→ **WORK TO BE COMPLETED**
Wherever the line with "B) = traj_sum" sits in the listing below, transcribe from it up to and including the line with "by (simp add: ind_def)", exactly, and leave the remaining lines out.

→ **INFORMATION**
lemma traj_sum_next_input:
  obtains K where "\<And>\<phi>. traj_sum \<eta> N pol i (\<lambda>(s,u,x,q). ind (hist_event H l us xs (i - 1) u x \<and> u i = us i) * \<phi> (x i))
    = input_weight \<eta> us xs l i \<phi> * K"
proof -
  obtain j where i: "i = Suc j" using l_less_i by (cases i) auto
  have j: "l - 1 + (i - l) = j" "l \<le> Suc j" using i l_less_i k_pos k_le_l by auto
  define \<psi> where "\<psi> u x = pol (map u [1..<Suc j]) (map x [1..<Suc j]) (us (Suc j))" for u x
  obtain \<Psi> where \<Psi>: "\<forall>\<sigma>\<in>{0,1}. state_sum \<eta> N pol j (\<lambda>u x. ind (hist_event H l us xs j u x) * \<psi> u x) \<sigma>
    = (\<Sum>\<tau>\<in>{0,1}. battery_kernel \<eta> us xs l (i - l) \<sigma> \<tau> * state_sum \<eta> N pol (l - 1) (\<lambda>u x. ind (H u x) * \<Psi> u x) \<tau>)"
    using state_sum_hist_event[of "i - l" \<psi>] unfolding j by blast
  let ?K = "state_sum \<eta> N pol (l - 1) (\<lambda>u x. ind (H u x) * \<Psi> u x)"
  have kernel_0: "battery_kernel \<eta> us xs l (i - l) \<rho> \<tau> = 0" if "\<tau> \<noteq> xs l" for \<rho> \<tau>
    using battery_kernel_eq_0[of us l \<tau> xs, OF us_l that] l_less_i by (cases "i - l") auto
  have "traj_sum \<eta> N pol i (\<lambda>(s,u,x,q). ind (hist_event H l us xs (i - 1) u x \<and> u i = us i) * \<phi> (x i))
    = input_weight \<eta> us xs l i \<phi> * ?K (xs l)" for \<phi>
  proof -
    have "traj_sum \<eta> N pol i (\<lambda>(s,u,x,q). ind (hist_event H l us xs (i - 1) u x \<and> u i = us i) * \<phi> (x i))
      = (\<Sum>\<rho>\<in>{0,1}. \<phi> (fstrat (us i) \<rho>) * state_sum \<eta> N pol j (\<lambda>u x. ind (hist_event H l us xs j u x) * \<psi> u x) \<rho>)"
      unfolding i traj_sum_Suc state_sum_def traj_sum_sum[symmetric]
      by (rule traj_sum_cong) (use slot_sum_next_input j(2) in \<open>auto simp: \<psi>_def\<close>)
    also have "\<dots> = (\<Sum>\<rho>\<in>{0,1}. \<phi> (fstrat (us i) \<rho>) * (\<Sum>\<tau>\<in>{0,1}. battery_kernel \<eta> us xs l (i - l) \<rho> \<tau> * ?K \<tau>))"
      using \<Psi> by (intro sum.cong) auto
    also have "\<dots> = (\<Sum>\<rho>\<in>{0,1}. \<phi> (fstrat (us i) \<rho>) * (battery_kernel \<eta> us xs l (i - l) \<rho> (xs l) * ?K (xs l)))"
      using xs_l kernel_0 by (intro sum.cong) auto
    finally show ?thesis
      unfolding input_weight_def sum_distrib_right by (simp add: mult.assoc)
  qed
  then show ?thesis using that by blast
qed

lemma cprb_next_input:
  assumes "valid_policy pol" "i \<le> n"
    and B_determined: "determined_upto i B"
    and B_eq: "\<And>s u x q. (s,u,x,q) \<in> Omega N i \<Longrightarrow> (s,u,x,q) \<in> B \<longleftrightarrow> hist_event H l us xs (i - 1) u x \<and> u i = us i"
    and B_pos: "prb \<eta> N pol n B > 0"
  shows "cprb \<eta> N pol n {(s,u,x,q). x i = y} B
    = input_weight \<eta> us xs l i (\<lambda>z. ind (z = y)) / input_weight \<eta> us xs l i (\<lambda>_. 1)"
proof -
  obtain K where K: "\<And>\<phi>. traj_sum \<eta> N pol i (\<lambda>(s,u,x,q). ind (hist_event H l us xs (i - 1) u x \<and> u i = us i) * \<phi> (x i))
    = input_weight \<eta> us xs l i \<phi> * K"
    using traj_sum_next_input by blast
  have prb_eq: "prb \<eta> N pol n (E \<inter> B) = input_weight \<eta> us xs l i \<phi> * K"
    if E_determined: "determined_upto i E"
      and E_eq: "\<And>s u x q. ind ((s,u,x,q) \<in> E) = \<phi> (x i)" for E \<phi>
  proof -
    have "prb \<eta> N pol n (E \<inter> B) = traj_sum \<eta> N pol i (\<lambda>\<omega>. ind (\<omega> \<in> E \<inter> B))"
      using assms(1,2) E_determined B_determined by (intro prb_eq_traj_sum determined_upto_Int)
    also have "\<dots> = traj_sum \<eta> N pol i (\<lambda>(s,u,x,q). ind (hist_event H l us xs (i - 1) u x \<and> u i = us i) * \<phi> (x i))"
    proof (rule traj_sum_cong)
      fix \<omega> assume \<omega>: "\<omega> \<in> Omega N i"
      obtain s u x q where \<omega>_eq: "\<omega> = (s,u,x,q)" by (cases \<omega>) auto
      have "ind (\<omega> \<in> E \<inter> B) = ind (\<omega> \<in> B) * ind (\<omega> \<in> E)"
        by (simp add: ind_def)
      then show "ind (\<omega> \<in> E \<inter> B) = (\<lambda>(s,u,x,q). ind (hist_event H l us xs (i - 1) u x \<and> u i = us i) * \<phi> (x i)) \<omega>"
        using B_eq[of s u x q] E_eq[of s u x q] \<omega> unfolding \<omega>_eq by simp
    qed
    finally show ?thesis
      unfolding K .
  qed
  have "prb \<eta> N pol n ({(s,u,x,q). x i = y} \<inter> B) = input_weight \<eta> us xs l i (\<lambda>z. ind (z = y)) * K"
    by (rule prb_eq) (auto simp: determined_upto_def)
  moreover have "prb \<eta> N pol n B = input_weight \<eta> us xs l i (\<lambda>_. 1) * K"
    using prb_eq[of UNIV "\<lambda>_. 1"] by (simp add: determined_upto_def ind_def)
  moreover have "K \<noteq> 0"
    using B_pos calculation(2) by auto
  ultimately show ?thesis
    unfolding cprb_def by simp
qed

end

section \<open>The window counter\<close>

lemma qwin_cong:
  assumes "\<forall>t\<le>i. x t = x' t"
  shows "qwin N x i = qwin N x' i"
proof -
  have same: "x t = x' t" if "t \<in> {i-N..i-1}" for t
    using assms that by auto
  have "(\<lambda>t. t \<in> {i-N..i-1} \<and> x t = 1) = (\<lambda>t. t \<in> {i-N..i-1} \<and> x' t = 1)"
    "(\<exists>t\<in>{i-N..i-1}. x t = 1) = (\<exists>t\<in>{i-N..i-1}. x' t = 1)"
    using same by (fastforce, fastforce)
  then show ?thesis
    unfolding qwin_def by (simp only:)
qed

→ **ANSWER BELOW**
    have "prb \<eta> N pol n (E \<inter> B) = traj_sum \<eta> N pol i (\<lambda>\<omega>. ind (\<omega> \<in> E \<inter> B))"
      using assms(1,2) E_determined B_determined by (intro prb_eq_traj_sum determined_upto_Int)
    also have "\<dots> = traj_sum \<eta> N pol i (\<lambda>(s,u,x,q). ind (hist_event H l us xs (i - 1) u x \<and> u i = us i) * \<phi> (x i))"
    proof (rule traj_sum_cong)
      fix \<omega> assume \<omega>: "\<omega> \<in> Omega N i"
      obtain s u x q where \<omega>_eq: "\<omega> = (s,u,x,q)" by (cases \<omega>) auto
      have "ind (\<omega> \<in> E \<inter> B) = ind (\<omega> \<in> B) * ind (\<omega> \<in> E)"
        by (simp add: ind_def)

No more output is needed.